Likelihood_Homework_2_Rosskopf_Golombek.Rmd

---
title: "Likelihood"
author: "Nina Golombek und Martina Rosskopf"
date: "19 11 2018"
output: pdf_document
---
## Task:

Tsunami scientist Trevor rolls some dice and tells you that the added result is 17. 
Think of an example that applies this problem to natural hazards!

The exercise for this week was to write some R code to find out how many times someone would have to roll a dice to get 17 as
a result of al dices.

First we discussed the different possibilties, where the conclusion was, that three is the minimum amount of dices you to do
for a sum of 17 (6+6+5). The maximum amount would be 17 times (each dice roll with 1).

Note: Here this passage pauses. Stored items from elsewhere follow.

(* In the setting below (Algorithm 2), (i) for every agent $i$ and every strategy $f_i$, $\mathbb E[L_i(\mathrm{id},\dots,\mathrm{id})]\le\mathbb E[L_i(f_i,(\mathrm{id})_{j\ne i})]$; (ii) if there is a feature $k\in[K]$ for which $\Pi$ is not degenerate, then, when all agents are truthful, for every agent $i$, fixed sample sizes $(n_j)_{j\neq i}$ and all $n_i<n_i'$, agent $i$'s expected loss when holding and truthfully submitting $n_i'$ points is strictly smaller than when holding $n_i$ points.
   Context: Setting (Algorithm 2). Fix $m\ge2$ agents and a measurable data space $\mathcal X$. A prior $\Pi$ is a probability distribution on the set of probability distributions on $\mathcal X$. $D\sim\Pi$ is drawn; conditionally on $D$, agent $i$ holds $X_i=(X_{i,1},\dots,X_{i,n_i})$ with entries i.i.d. from $D$, independent across agents (regard $X_{i,1},X_{i,2},\dots$ as an infinite conditionally i.i.d. sequence). A strategy is a measurable map $f:\bigcup_{\ell\ge0}\mathcal X^\ell\to\bigcup_{\ell\ge0}\mathcal X^\ell$; agent $i$ submits $X_i'=f_i(X_i)$; $\mathrm{id}$ is the identity (truthful) strategy. Feature maps $\varphi_1,\dots,\varphi_K:\mathcal X\to\mathbb R$ are measurable. For a finite nonempty multiset $S\subset\mathbb R$, $F_S(t)=\frac1{|S|}\sum_{s\in S}\mathbf 1\{s\le t\}$, and $\varphi_k(S')=\{\varphi_k(x):x\in S'\}$ for $S'\subset\mathcal X$. For $k\in[K]$, $j\ge0$, $r\ge1$ let $h^{(k)}_{j,r}:\mathcal X^j\times\mathbb R\to[0,1]$ be measurable such that whenever $D\sim\Pi$ and, conditionally on $D$, $Y_1,\dots,Y_j,T,Z_1,\dots,Z_r$ are i.i.d. from $D$, $h^{(k)}_{j,r}(Y_1,\dots,Y_j,\varphi_k(T))=\mathbb E[F_{\varphi_k(\{Z_1,\dots,Z_r\})}(\varphi_k(T))\mid Y_1,\dots,Y_j,\varphi_k(T)]$ a.s. Mechanism: for each $i$, $X'_{-i}=\bigcup_{j\neq i}X'_j$ (multiset, at least 2 elements), $T_i$ uniformly random from $X'_{-i}$, $Z_i=X'_{-i}\setminus\{T_i\}$, and $L_i=\frac1K\sum_{k=1}^K\big(h^{(k)}_{|X_i'|,|Z_i|}(X_i',\varphi_k(T_i))-F_{\varphi_k(Z_i)}(\varphi_k(T_i))\big)^2$. $L_i(f_1,\dots,f_m)$ is the loss under strategies $f_j$. Expectations are over $D\sim\Pi$, data, and all randomness. Degenerate for feature $k$: with $D\sim\Pi$ and, conditionally on $D$, $X_1,X_2,\dots,T,Z$ i.i.d. from $D$, $\Pi$ is degenerate for feature $k$ if for some $n\in\mathbb N$, $P(\varphi_k(Z)\le\varphi_k(T)\mid\varphi_k(T),X_1,\dots,X_n)=P(\varphi_k(Z)\le\varphi_k(T)\mid\varphi_k(T),X_1,\dots,X_{n+1})$ almost surely. *)

theory Defs
  imports "HOL-Probability.Probability"
begin

text \<open>The measurable space of finite sequences (disjoint union over lengths l of the
  product spaces M^l), represented by lists.\<close>
definition listM :: "'a measure \<Rightarrow> 'a list measure" where
  "listM M = sigma (lists (space M))
     (\<Union>n. {{xs \<in> lists (space M). length xs = n \<and> (\<lambda>i\<in>{..<n}. xs ! i) \<in> A} | A.
            A \<in> sets (PiM {..<n} (\<lambda>_. M))})"

definition ecdf :: "real list \<Rightarrow> real \<Rightarrow> real" where
  "ecdf S t = real (length (filter (\<lambda>s. s \<le> t) S)) / real (length S)"

definition remove_nth :: "nat \<Rightarrow> 'a list \<Rightarrow> 'a list" where
  "remove_nth p ys = take p ys @ drop (Suc p) ys"

text \<open>Loss of an agent submitting xs when the others' pooled submissions are ys,
  averaged over the uniformly random choice of T among the entries of ys
  (T = ys!p, Z = ys with position p removed).\<close>
definition mech_loss ::
  "nat \<Rightarrow> (nat \<Rightarrow> 'a \<Rightarrow> real) \<Rightarrow> (nat \<Rightarrow> nat \<Rightarrow> nat \<Rightarrow> 'a list \<Rightarrow> real \<Rightarrow> real)
     \<Rightarrow> 'a list \<Rightarrow> 'a list \<Rightarrow> real" where
  "mech_loss K \<phi> h xs ys =
     (1 / real (length ys)) * (\<Sum>p<length ys.
        (1 / real K) * (\<Sum>k<K.
          (h k (length xs) (length ys - 1) xs (\<phi> k (ys ! p))
           - ecdf (map (\<phi> k) (remove_nth p ys)) (\<phi> k (ys ! p)))\<^sup>2))"

text \<open>D ~ Prior, then conditionally on D the coordinates (j,l), j < m, l < n j, are i.i.d. from D;
  coordinate (j,l) is the l-th data point of agent j.\<close>
definition data_measure :: "'a measure measure \<Rightarrow> nat \<Rightarrow> (nat \<Rightarrow> nat) \<Rightarrow> (nat \<times> nat \<Rightarrow> 'a) measure" where
  "data_measure Prior m n = Prior \<bind> (\<lambda>D. PiM {(j, l). j < m \<and> l < n j} (\<lambda>_. D))"

definition agent_data :: "(nat \<Rightarrow> nat) \<Rightarrow> nat \<Rightarrow> (nat \<times> nat \<Rightarrow> 'a) \<Rightarrow> 'a list" where
  "agent_data n j \<omega> = map (\<lambda>l. \<omega> (j, l)) [0..<n j]"

definition others_sub ::
  "nat \<Rightarrow> (nat \<Rightarrow> 'a list \<Rightarrow> 'a list) \<Rightarrow> (nat \<Rightarrow> nat) \<Rightarrow> nat \<Rightarrow> (nat \<times> nat \<Rightarrow> 'a) \<Rightarrow> 'a list" where
  "others_sub m f n i \<omega> = concat (map (\<lambda>j. f j (agent_data n j \<omega>)) (filter (\<lambda>j. j \<noteq> i) [0..<m]))"

definition expected_loss ::
  "'a measure measure \<Rightarrow> nat \<Rightarrow> (nat \<Rightarrow> 'a \<Rightarrow> real) \<Rightarrow> (nat \<Rightarrow> nat \<Rightarrow> nat \<Rightarrow> 'a list \<Rightarrow> real \<Rightarrow> real)
     \<Rightarrow> nat \<Rightarrow> (nat \<Rightarrow> 'a list \<Rightarrow> 'a list) \<Rightarrow> (nat \<Rightarrow> nat) \<Rightarrow> nat \<Rightarrow> real" where
  "expected_loss Prior K \<phi> h m f n i =
     (\<integral>\<omega>. mech_loss K \<phi> h (f i (agent_data n i \<omega>)) (others_sub m f n i \<omega>) \<partial>data_measure Prior m n)"

text \<open>Joint law of (Y_1..Y_j, T, Z_1..Z_r): D ~ Prior, then i.i.d. from D;
  coordinates 0..j-1 are Y, coordinate j is T, coordinates j+1..j+r are Z.\<close>
definition h_space :: "'a measure measure \<Rightarrow> nat \<Rightarrow> nat \<Rightarrow> (nat \<Rightarrow> 'a) measure" where
  "h_space Prior j r = Prior \<bind> (\<lambda>D. PiM {..<j + 1 + r} (\<lambda>_. D))"

definition valid_h ::
  "'a measure \<Rightarrow> 'a measure measure \<Rightarrow> nat \<Rightarrow> (nat \<Rightarrow> 'a \<Rightarrow> real)
     \<Rightarrow> (nat \<Rightarrow> nat \<Rightarrow> nat \<Rightarrow> 'a list \<Rightarrow> real \<Rightarrow> real) \<Rightarrow> bool" where
  "valid_h M Prior K \<phi> h \<longleftrightarrow>
    (\<forall>k<K. \<forall>j r. 1 \<le> r \<longrightarrow>
       (\<lambda>(xs, t). h k j r xs t) \<in> borel_measurable (listM M \<Otimes>\<^sub>M borel)
     \<and> (\<forall>xs t. xs \<in> lists (space M) \<longrightarrow> length xs = j \<longrightarrow> h k j r xs t \<in> {0..1})
     \<and> (AE \<omega> in h_space Prior j r.
          h k j r (map \<omega> [0..<j]) (\<phi> k (\<omega> j)) =
          real_cond_exp (h_space Prior j r)
            (vimage_algebra (space (h_space Prior j r))
               (\<lambda>\<omega>. (map \<omega> [0..<j], \<phi> k (\<omega> j))) (listM M \<Otimes>\<^sub>M borel))
            (\<lambda>\<omega>. ecdf (map (\<phi> k) (map \<omega> [j + 1..<j + 1 + r])) (\<phi> k (\<omega> j))) \<omega>))"

text \<open>D ~ Prior, then an i.i.d. sequence from D; coordinate 0 is T, coordinate 1 is Z,
  coordinate l+1 is X_l (l >= 1).\<close>
definition seq_space :: "'a measure measure \<Rightarrow> (nat \<Rightarrow> 'a) measure" where
  "seq_space Prior = Prior \<bind> (\<lambda>D. PiM UNIV (\<lambda>_. D))"

definition cond_sigma :: "'a measure \<Rightarrow> 'a measure measure \<Rightarrow> ('a \<Rightarrow> real) \<Rightarrow> nat \<Rightarrow> (nat \<Rightarrow> 'a) measure" where
  "cond_sigma M Prior \<phi>k n = vimage_algebra (space (seq_space Prior))
      (\<lambda>\<omega>. (\<phi>k (\<omega> 0), map \<omega> [2..<n + 2])) (borel \<Otimes>\<^sub>M listM M)"

definition degenerate :: "'a measure \<Rightarrow> 'a measure measure \<Rightarrow> ('a \<Rightarrow> real) \<Rightarrow> bool" where
  "degenerate M Prior \<phi>k \<longleftrightarrow>
    (\<exists>n. AE \<omega> in seq_space Prior.
       real_cond_exp (seq_space Prior) (cond_sigma M Prior \<phi>k n)
         (indicator {\<omega>. \<phi>k (\<omega> 1) \<le> \<phi>k (\<omega> 0)}) \<omega> =
       real_cond_exp (seq_space Prior) (cond_sigma M Prior \<phi>k (Suc n))
         (indicator {\<omega>. \<phi>k (\<omega> 1) \<le> \<phi>k (\<omega> 0)}) \<omega>)"

end

theory Submission
  imports Defs
begin

text \<open>Since D is drawn from the prior and all points are conditionally i.i.d., the joint law
  of all data is invariant under relabelling of the points. Hence, in expectation, agent i's
  loss is the average over features phi of a canonical loss in which the agent sees its own
  data and phi T and predicts the empirical rank F of phi T among the values phi Z.

  (i) For each feature, the truthful prediction h is the conditional expectation of F given
  (own data, phi T), so by Pythagoras in L^2 any prediction computed from a misreport f(X_i) pays
  its squared distance from h in addition.

  (ii) The prediction from the first c points is also a function of the first c + 1 points,
  so the same decomposition shows that the truthful loss with c points exceeds that with c + 1
  points by the expected squared difference of the two predictions. By exchangeability these
  predictions are versions of P(phi Z <= phi T | phi T, X_1, ..., X_c) and of the same
  probability given one more point, so if the difference vanished for some feature phi the prior
  would be degenerate for it.\<close>

section \<open>Finite sequences as a measurable space\<close>

definition listM_generator :: "'a measure \<Rightarrow> 'a list set set" where
  "listM_generator M = (\<Union>n. {{xs \<in> lists (space M). length xs = n \<and> (\<lambda>i\<in>{..<n}. xs ! i) \<in> A} | A.
     A \<in> sets (PiM {..<n} (\<lambda>_. M))})"

lemma listM_generator_Pow: "listM_generator M \<subseteq> Pow (lists (space M))"
  unfolding listM_generator_def by auto

lemma listM_eq_sigma: "listM M = sigma (lists (space M)) (listM_generator M)"
  unfolding listM_def listM_generator_def ..

lemma space_listM: "space (listM M) = lists (space M)"
  unfolding listM_eq_sigma using listM_generator_Pow by (rule space_measure_of)

lemma sets_listM: "sets (listM M) = sigma_sets (lists (space M)) (listM_generator M)"
  unfolding listM_eq_sigma using listM_generator_Pow by (rule sets_measure_of)

lemma sets_listM_generator:
  assumes "A \<in> sets (PiM {..<n} (\<lambda>_. M))"
  shows "{xs \<in> lists (space M). length xs = n \<and> (\<lambda>i\<in>{..<n}. xs ! i) \<in> A} \<in> sets (listM M)"
  unfolding sets_listM using assms by (intro sigma_sets.Basic) (auto simp: listM_generator_def)

lemma sets_listM_length: "{xs \<in> lists (space M). length xs = n} \<in> sets (listM M)"
proof -
  have "{xs \<in> lists (space M). length xs = n} =
      {xs \<in> lists (space M). length xs = n \<and> (\<lambda>i\<in>{..<n}. xs ! i) \<in> space (PiM {..<n} (\<lambda>_. M))}"
    by (auto simp: space_PiM)
  then show ?thesis using sets_listM_generator[OF sets.top] by simp
qed

lemma map_in_lists_PiM:
  assumes "\<omega> \<in> space (PiM I (\<lambda>_. M))" "set is \<subseteq> I"
  shows "map \<omega> is \<in> lists (space M)"
  using PiE_mem[OF assms(1)[unfolded space_PiM]] assms(2) by (intro in_listsI) auto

Now to figure out the likelihood distribution of the dice sum 17, we simulated an experiment, where we use the possible 
amounts of dice rolls between 3 and 17.  


```{r}

sum(sample(1:6, 3, replace = TRUE))   # The sample function includes only whole numbers 
sum(sample(1:6, 4, replace = TRUE))   # Here: between 1-6 for a set number of dices (between 3-17)
sum(sample(1:6, 5, replace = TRUE))
sum(sample(1:6, 6, replace = TRUE))
sum(sample(1:6, 7, replace = TRUE))
sum(sample(1:6, 8, replace = TRUE))
sum(sample(1:6, 9, replace = TRUE))
sum(sample(1:6, 10, replace = TRUE))
sum(sample(1:6, 11, replace = TRUE))
sum(sample(1:6, 12, replace = TRUE))
sum(sample(1:6, 13, replace = TRUE))
sum(sample(1:6, 14, replace = TRUE))
sum(sample(1:6, 15, replace = TRUE))
sum(sample(1:6, 16, replace = TRUE))
sum(sample(1:6, 17, replace = TRUE))

```

### Note:

The statistical expectation for each dice is 3.5
Thus, in order to reach ~17, five dices are most likely (5* 3.5 = 17.5 --> closest to 17)

## Possible solution

For the following solution we set a number n, which sets the amount of experiments we do for each possible dice roll (from 
3 to 17).
In the resolution vector *resvec* we write the solution of how many times the sum was 17 for each roll. In the row *0* we 
have the result for *dice roll=3* and in row *15* the result for *dice roll=15*.

```{r}
n <- 10000
resvec <- rep(0,15)

```

In the following loops we go through the possiblies of dice rolls. First we create a vector with n times i rows, where i 
is the amount of dices. The random possible values of the vector are between 1 and 6. This vector we then write into a 
matrix which has i columns and n rows. 
We then build the sums over each row of the matrix. If the sum is then 17 we add one to the specific row of the *resvec*. 
```{r}
# loop to go through possible numbers of dices
for (i in 3:17) {
  # getting a vector of random numbers between 1 to 6
  vec <- sample(1:6, n * i, replace = TRUE)
  # transform vector to a matrix, amount of coloums equal to number of dices i
  mat <- matrix(vec, ncol = i)
  # loop to go through all rows of matrix
  for (j in 1:n){
    # if sum of a row is 17 then put the counter +1
    if (sum(mat[j,]) == 17){
      resvec[i-2] <- resvec[i-2]+1
    }
  }
}
```
The last loop can also be written in one line. With this line we first get a vector with the sums of each row, where we 
then ask if the sums of the rows are 17. The vector will then consist of TRUE and FALSE values. Calculating the sum over 
this vector gives us how many times the sum was 17, because TRUE is 1 and FALSE is 0. This result will then be written 
into our *resvec*.
```{r}
# last loop can also be calculated by: 
  resvec[i-2] <- sum(rowSums(mat) == 17)
```
Last we are plotting a graph out of our results. Here x gives us the number of dices (between 3 to 17) and y how many 
runs we had, where the sum was 17. 
```{r}
## Plot
x <- 3:17      # set x values
plot(x,resvec, type = "h", col="chocolate", lwd=7,
     xlim=c(3,17),
     main = "Likelihood of dices",                        # Diagram Title
     xlab = "Number of dice rolls",                       # X-Axis Title
     ylab = 'Amount of runs with sum = 17',               # Y-Axis Title
     cex.lab = 1.5, cex.main = 1.5)                       # Font size of Titles

```

With this Plot we can see that it is most likely to get the eye sum 17 if you roll the dice 5 times. This fits to the 
known value, that for one dice the assumed eyes of the dice are 3.5. Therefore 5 dice rolls would give us 17.5 for the 
sum of the dices. 

## Example that applies this problem to natural hazards

Probability of a 1000-year Event in 6 different countries 

1: Germany
2: USA
3: Indonesia
4: Japan
5: Argentina
6: New Zealand

--> Probability for one of these events is always 1/1000 for each country.